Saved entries
※
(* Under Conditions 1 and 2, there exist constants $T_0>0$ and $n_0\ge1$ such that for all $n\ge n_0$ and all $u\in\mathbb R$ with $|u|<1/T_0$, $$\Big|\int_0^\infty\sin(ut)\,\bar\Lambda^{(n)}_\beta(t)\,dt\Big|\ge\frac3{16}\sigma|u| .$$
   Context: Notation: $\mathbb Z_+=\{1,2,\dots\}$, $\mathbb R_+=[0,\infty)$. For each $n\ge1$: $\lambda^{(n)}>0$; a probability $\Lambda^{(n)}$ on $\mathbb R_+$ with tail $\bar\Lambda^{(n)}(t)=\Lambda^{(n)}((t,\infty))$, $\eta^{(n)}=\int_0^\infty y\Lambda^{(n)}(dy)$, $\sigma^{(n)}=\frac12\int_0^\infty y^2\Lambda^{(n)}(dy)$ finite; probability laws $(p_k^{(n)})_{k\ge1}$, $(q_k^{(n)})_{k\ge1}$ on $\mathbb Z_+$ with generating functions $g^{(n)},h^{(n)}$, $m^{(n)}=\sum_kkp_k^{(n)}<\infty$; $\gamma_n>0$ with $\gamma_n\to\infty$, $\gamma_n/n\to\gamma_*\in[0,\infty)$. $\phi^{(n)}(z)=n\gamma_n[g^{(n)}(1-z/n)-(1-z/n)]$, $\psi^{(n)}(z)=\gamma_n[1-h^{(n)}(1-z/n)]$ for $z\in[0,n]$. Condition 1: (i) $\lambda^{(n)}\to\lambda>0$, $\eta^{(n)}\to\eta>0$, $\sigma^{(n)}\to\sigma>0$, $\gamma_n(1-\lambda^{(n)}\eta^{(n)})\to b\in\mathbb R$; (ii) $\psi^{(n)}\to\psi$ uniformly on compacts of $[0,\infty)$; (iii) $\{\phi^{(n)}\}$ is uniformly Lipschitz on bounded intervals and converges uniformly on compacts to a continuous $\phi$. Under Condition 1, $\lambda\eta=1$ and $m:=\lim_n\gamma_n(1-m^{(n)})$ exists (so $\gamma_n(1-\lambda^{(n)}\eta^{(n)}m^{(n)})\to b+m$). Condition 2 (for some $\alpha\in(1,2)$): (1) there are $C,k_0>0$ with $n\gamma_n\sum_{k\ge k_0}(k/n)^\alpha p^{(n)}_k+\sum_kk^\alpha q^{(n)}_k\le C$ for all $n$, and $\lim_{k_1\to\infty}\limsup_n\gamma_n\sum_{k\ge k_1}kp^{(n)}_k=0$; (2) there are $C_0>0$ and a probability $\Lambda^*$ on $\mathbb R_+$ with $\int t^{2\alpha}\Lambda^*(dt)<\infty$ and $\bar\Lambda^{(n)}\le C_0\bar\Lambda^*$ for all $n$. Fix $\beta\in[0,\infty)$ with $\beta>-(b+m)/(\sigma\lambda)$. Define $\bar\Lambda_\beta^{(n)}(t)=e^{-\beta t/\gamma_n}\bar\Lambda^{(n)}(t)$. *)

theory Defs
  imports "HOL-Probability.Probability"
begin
※
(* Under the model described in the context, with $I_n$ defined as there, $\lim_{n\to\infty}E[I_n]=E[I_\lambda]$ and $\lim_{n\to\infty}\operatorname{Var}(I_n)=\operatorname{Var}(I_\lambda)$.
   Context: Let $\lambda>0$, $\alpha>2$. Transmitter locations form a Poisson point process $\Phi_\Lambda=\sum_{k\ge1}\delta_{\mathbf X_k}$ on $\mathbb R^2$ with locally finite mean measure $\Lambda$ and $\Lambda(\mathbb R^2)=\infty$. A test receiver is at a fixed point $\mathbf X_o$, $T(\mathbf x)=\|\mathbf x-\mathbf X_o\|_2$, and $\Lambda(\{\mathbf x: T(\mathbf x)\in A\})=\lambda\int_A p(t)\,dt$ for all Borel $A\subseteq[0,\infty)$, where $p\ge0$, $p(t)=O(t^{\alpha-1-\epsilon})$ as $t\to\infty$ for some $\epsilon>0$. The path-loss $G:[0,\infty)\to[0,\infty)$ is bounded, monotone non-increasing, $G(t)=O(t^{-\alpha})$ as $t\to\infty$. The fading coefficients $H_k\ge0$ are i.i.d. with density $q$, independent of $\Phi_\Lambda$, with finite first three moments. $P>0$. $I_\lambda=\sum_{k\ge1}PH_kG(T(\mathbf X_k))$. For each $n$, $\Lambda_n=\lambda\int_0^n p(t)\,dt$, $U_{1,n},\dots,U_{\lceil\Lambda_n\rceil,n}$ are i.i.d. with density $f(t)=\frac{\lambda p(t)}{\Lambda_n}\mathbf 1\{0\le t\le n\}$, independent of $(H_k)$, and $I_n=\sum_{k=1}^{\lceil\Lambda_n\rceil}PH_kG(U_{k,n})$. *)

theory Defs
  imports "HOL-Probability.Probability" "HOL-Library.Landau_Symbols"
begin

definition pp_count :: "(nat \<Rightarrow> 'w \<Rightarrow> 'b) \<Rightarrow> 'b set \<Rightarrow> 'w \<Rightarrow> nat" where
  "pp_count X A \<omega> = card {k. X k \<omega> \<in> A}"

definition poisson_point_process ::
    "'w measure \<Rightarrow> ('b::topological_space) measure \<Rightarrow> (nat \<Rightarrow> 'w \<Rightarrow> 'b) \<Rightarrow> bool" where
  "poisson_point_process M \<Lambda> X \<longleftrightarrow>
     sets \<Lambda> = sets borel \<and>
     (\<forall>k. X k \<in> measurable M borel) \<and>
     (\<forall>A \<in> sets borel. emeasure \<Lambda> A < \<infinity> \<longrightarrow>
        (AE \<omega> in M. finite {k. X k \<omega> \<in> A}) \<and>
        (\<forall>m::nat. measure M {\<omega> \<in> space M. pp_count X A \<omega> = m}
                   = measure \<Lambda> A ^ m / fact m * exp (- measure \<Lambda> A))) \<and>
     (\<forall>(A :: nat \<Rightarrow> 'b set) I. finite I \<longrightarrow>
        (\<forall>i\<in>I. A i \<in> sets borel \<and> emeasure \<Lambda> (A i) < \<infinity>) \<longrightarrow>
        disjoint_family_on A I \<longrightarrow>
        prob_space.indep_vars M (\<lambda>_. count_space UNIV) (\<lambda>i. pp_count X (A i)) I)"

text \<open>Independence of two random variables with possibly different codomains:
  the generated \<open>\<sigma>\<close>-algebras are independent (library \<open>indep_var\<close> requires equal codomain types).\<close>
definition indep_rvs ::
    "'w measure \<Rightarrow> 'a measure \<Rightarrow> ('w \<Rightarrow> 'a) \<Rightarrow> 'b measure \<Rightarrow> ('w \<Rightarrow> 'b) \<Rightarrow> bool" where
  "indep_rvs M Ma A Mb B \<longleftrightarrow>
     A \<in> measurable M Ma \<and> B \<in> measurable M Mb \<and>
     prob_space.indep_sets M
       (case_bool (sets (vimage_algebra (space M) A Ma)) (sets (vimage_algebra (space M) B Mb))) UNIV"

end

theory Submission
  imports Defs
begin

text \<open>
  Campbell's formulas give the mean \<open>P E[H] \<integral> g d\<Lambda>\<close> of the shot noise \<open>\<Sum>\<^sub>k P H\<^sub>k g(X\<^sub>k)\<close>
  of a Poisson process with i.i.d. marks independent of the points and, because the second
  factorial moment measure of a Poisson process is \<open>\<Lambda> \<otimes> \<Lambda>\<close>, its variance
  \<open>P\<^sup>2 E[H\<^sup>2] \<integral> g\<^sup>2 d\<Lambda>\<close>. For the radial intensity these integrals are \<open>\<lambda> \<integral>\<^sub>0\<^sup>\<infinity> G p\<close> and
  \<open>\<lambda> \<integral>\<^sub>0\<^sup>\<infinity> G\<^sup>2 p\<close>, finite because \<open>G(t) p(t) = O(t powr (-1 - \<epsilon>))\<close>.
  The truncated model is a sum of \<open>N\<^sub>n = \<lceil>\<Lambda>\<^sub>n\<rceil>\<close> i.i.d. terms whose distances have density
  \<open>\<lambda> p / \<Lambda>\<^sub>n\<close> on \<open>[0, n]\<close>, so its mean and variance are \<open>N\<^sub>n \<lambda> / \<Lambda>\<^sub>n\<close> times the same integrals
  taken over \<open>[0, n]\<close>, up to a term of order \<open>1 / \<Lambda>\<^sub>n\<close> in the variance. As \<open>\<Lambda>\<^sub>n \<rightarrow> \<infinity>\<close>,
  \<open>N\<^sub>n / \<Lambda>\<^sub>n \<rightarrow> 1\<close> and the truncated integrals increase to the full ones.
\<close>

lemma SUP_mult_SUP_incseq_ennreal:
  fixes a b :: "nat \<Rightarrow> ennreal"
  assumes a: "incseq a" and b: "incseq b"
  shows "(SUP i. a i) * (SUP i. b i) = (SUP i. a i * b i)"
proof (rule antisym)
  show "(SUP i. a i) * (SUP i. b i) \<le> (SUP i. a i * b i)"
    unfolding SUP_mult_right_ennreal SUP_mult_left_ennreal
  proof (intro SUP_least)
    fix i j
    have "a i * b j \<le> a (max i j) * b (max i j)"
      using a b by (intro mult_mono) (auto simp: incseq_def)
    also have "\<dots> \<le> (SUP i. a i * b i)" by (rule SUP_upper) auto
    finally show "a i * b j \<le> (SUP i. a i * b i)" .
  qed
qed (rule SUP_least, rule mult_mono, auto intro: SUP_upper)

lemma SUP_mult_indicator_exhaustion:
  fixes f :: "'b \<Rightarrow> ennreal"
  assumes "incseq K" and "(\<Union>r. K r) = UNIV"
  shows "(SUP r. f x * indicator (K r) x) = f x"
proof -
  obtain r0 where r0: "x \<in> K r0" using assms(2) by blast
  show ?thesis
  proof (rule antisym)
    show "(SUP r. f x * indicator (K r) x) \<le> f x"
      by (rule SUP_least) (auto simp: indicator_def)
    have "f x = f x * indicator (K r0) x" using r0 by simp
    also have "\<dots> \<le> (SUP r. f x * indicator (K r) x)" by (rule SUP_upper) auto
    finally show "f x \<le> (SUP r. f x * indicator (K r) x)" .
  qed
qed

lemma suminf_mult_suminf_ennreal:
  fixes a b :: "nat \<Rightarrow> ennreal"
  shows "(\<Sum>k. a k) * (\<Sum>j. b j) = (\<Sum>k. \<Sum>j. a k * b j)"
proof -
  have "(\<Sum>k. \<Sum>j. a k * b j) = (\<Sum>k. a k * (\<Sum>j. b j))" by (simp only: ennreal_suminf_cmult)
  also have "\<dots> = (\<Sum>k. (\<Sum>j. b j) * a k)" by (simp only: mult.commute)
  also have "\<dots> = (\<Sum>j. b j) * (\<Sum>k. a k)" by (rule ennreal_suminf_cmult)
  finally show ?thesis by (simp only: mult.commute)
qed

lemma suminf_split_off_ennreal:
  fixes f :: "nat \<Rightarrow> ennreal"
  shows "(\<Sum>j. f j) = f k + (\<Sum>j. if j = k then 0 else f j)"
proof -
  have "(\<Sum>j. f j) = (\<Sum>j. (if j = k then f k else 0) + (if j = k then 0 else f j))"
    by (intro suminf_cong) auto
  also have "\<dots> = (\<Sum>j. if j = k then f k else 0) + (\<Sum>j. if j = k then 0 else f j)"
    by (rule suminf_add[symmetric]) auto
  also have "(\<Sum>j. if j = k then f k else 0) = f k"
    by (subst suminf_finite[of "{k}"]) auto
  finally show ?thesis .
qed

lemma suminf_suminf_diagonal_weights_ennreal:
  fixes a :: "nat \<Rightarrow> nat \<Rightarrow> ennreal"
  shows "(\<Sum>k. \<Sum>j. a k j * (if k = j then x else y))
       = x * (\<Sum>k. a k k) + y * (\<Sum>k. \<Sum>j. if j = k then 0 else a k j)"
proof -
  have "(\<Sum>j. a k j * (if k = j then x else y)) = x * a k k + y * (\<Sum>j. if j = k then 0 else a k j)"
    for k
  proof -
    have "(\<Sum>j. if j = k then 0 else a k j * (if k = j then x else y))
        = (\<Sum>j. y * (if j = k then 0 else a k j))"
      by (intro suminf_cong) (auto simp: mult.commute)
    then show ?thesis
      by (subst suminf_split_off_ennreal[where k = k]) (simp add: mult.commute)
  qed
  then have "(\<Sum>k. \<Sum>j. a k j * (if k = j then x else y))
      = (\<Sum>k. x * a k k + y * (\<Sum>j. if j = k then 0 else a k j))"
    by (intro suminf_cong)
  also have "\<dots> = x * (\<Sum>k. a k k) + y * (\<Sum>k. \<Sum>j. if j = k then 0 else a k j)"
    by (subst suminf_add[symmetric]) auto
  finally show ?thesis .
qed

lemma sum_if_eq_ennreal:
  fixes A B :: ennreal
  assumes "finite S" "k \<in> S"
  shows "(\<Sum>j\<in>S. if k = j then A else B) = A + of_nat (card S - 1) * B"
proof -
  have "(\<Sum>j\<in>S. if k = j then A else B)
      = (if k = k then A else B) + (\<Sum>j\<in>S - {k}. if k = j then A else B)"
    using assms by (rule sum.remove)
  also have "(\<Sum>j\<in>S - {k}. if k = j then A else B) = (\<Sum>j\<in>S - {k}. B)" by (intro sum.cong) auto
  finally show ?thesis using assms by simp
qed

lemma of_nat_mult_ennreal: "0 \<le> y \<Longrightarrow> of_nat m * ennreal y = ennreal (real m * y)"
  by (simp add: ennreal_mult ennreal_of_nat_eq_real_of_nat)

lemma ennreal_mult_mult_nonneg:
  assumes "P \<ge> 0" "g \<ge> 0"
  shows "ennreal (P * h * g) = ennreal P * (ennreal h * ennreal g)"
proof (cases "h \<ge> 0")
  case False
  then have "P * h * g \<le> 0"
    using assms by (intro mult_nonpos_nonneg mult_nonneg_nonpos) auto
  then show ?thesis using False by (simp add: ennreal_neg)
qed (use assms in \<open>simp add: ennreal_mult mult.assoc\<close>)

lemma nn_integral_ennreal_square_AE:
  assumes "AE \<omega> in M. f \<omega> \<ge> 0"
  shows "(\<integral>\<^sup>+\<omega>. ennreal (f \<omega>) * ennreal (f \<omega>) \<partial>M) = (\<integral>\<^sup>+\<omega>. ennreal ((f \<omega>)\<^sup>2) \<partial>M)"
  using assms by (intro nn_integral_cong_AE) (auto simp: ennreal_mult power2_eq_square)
※
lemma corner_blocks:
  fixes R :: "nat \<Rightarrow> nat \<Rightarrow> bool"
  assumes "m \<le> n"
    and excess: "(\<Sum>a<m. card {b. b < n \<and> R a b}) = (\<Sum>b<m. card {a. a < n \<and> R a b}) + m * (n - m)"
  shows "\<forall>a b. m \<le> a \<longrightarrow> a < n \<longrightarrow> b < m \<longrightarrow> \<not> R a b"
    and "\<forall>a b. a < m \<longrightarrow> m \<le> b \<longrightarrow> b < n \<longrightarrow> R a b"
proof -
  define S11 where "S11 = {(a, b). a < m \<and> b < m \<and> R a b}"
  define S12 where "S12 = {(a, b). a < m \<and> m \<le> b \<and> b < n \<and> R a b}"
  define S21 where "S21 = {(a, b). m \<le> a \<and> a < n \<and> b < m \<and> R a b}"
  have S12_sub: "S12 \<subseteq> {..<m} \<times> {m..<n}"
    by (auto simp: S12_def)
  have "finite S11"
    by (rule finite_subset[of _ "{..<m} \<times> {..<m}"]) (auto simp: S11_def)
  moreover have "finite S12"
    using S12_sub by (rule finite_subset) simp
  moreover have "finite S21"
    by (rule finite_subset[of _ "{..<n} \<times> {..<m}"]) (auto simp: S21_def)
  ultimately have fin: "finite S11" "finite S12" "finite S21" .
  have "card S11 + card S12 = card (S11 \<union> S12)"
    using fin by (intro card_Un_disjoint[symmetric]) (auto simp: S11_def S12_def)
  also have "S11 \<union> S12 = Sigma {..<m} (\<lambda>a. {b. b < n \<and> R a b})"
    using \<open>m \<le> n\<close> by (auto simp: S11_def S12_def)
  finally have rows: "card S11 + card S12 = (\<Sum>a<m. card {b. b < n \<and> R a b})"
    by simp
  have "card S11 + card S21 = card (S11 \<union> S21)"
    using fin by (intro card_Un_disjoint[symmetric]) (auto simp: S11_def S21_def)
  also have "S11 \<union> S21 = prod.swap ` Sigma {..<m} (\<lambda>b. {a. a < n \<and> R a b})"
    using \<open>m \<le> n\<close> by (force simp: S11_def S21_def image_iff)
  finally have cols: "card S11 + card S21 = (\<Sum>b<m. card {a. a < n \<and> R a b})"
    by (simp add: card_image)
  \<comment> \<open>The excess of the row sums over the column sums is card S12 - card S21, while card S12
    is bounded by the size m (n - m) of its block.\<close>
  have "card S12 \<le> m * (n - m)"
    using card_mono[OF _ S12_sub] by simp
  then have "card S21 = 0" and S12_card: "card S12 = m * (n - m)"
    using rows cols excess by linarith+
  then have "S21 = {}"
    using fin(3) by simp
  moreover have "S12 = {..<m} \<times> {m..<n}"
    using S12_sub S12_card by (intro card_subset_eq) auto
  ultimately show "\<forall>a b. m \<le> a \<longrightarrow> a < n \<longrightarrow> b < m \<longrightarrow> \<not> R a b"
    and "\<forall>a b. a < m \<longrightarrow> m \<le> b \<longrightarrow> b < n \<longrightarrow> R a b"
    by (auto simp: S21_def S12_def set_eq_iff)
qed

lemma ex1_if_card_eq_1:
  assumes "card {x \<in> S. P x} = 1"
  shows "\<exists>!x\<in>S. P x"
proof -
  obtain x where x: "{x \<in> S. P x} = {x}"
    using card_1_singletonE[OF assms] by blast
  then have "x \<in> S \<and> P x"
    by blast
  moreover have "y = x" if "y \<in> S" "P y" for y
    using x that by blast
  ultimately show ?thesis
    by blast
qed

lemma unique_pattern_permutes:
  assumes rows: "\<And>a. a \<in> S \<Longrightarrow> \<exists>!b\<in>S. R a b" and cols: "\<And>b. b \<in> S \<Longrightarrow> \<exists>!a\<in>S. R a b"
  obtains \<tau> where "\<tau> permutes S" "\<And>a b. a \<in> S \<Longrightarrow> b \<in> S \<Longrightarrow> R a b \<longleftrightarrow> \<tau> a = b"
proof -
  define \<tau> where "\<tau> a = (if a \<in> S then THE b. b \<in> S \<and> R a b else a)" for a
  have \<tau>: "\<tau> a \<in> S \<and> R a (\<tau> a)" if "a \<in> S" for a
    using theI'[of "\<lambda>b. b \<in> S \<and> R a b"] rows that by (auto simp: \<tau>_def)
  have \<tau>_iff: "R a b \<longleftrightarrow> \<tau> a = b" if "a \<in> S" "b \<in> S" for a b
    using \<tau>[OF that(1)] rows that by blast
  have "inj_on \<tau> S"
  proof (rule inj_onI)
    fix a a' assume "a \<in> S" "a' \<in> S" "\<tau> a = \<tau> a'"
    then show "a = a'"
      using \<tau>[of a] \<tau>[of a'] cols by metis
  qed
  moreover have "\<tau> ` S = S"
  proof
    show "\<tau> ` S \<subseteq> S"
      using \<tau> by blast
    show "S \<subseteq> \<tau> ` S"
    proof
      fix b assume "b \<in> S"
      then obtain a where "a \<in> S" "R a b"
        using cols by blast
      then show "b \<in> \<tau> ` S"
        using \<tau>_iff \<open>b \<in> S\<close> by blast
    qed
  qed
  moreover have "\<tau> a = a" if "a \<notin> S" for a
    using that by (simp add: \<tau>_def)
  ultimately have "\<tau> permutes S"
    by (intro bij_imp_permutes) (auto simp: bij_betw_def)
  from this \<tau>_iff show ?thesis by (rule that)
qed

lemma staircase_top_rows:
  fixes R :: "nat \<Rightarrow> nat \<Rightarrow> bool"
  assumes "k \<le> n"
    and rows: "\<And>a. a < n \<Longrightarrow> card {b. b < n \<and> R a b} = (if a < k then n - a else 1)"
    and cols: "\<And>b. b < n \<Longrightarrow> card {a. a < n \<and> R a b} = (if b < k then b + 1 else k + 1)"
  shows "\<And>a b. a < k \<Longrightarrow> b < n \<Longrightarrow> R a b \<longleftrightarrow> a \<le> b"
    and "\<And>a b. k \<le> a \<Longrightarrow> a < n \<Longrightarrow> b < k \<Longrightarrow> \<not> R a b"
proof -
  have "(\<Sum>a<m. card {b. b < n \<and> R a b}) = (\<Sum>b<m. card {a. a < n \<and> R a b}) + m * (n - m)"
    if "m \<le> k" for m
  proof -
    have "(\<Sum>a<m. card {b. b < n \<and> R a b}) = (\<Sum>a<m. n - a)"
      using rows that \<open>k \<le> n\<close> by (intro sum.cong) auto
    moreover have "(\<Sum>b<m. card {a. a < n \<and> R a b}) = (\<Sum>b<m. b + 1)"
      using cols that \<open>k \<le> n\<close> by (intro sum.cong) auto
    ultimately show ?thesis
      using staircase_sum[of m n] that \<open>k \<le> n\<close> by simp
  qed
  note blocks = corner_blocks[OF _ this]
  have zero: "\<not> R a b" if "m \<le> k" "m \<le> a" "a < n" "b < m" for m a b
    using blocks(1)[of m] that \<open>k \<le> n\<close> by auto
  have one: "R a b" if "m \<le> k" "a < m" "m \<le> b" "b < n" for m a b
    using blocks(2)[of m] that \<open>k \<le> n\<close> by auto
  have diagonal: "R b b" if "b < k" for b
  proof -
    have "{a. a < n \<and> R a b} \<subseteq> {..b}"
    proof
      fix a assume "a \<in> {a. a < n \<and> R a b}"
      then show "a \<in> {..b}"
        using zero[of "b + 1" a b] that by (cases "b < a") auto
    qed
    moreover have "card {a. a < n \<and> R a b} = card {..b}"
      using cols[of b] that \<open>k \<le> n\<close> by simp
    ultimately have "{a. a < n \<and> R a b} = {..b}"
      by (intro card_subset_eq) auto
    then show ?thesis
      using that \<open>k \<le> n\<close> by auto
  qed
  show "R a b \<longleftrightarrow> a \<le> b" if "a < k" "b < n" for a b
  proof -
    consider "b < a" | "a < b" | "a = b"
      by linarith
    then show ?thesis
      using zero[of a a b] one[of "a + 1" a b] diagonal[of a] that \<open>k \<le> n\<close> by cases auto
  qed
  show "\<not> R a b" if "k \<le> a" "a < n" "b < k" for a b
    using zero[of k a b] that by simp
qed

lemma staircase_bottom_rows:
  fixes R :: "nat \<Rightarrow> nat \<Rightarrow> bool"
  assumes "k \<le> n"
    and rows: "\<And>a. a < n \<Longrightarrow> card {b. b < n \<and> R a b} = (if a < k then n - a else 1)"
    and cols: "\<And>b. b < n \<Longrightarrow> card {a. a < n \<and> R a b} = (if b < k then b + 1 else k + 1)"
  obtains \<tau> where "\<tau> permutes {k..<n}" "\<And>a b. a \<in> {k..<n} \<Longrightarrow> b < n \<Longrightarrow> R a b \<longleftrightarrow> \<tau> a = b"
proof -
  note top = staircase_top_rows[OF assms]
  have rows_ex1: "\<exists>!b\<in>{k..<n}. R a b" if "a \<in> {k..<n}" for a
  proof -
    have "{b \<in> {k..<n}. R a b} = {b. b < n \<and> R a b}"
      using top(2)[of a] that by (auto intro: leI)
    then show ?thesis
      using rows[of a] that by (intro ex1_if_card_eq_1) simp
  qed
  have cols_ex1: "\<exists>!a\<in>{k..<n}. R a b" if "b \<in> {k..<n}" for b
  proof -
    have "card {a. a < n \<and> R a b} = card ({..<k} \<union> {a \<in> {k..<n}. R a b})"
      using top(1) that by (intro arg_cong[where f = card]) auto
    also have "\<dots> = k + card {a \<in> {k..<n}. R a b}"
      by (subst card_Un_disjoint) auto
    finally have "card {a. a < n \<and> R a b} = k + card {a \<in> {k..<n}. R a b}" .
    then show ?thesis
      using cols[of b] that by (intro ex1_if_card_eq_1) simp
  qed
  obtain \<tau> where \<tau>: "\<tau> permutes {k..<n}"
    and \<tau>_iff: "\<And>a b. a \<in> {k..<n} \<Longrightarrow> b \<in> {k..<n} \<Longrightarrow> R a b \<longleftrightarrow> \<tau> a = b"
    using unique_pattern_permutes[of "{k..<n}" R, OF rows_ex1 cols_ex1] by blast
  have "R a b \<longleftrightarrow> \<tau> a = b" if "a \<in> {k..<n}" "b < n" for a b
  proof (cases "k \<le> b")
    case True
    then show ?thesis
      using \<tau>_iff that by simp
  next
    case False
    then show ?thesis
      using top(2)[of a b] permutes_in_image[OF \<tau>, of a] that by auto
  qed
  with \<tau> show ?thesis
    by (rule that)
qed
※
▸ **Task goal**
Set down only the lines above that fall between the line holding "disjoint_family_on A I" and the line holding "text \<open>Independence of", inclusive, keeping each exact.

▸ **Answer box**
        disjoint_family_on A I \<longrightarrow>
        prob_space.indep_vars M (\<lambda>_. count_space UNIV) (\<lambda>i. pp_count X (A i)) I)"

text \<open>Independence of two random variables with possibly different codomains:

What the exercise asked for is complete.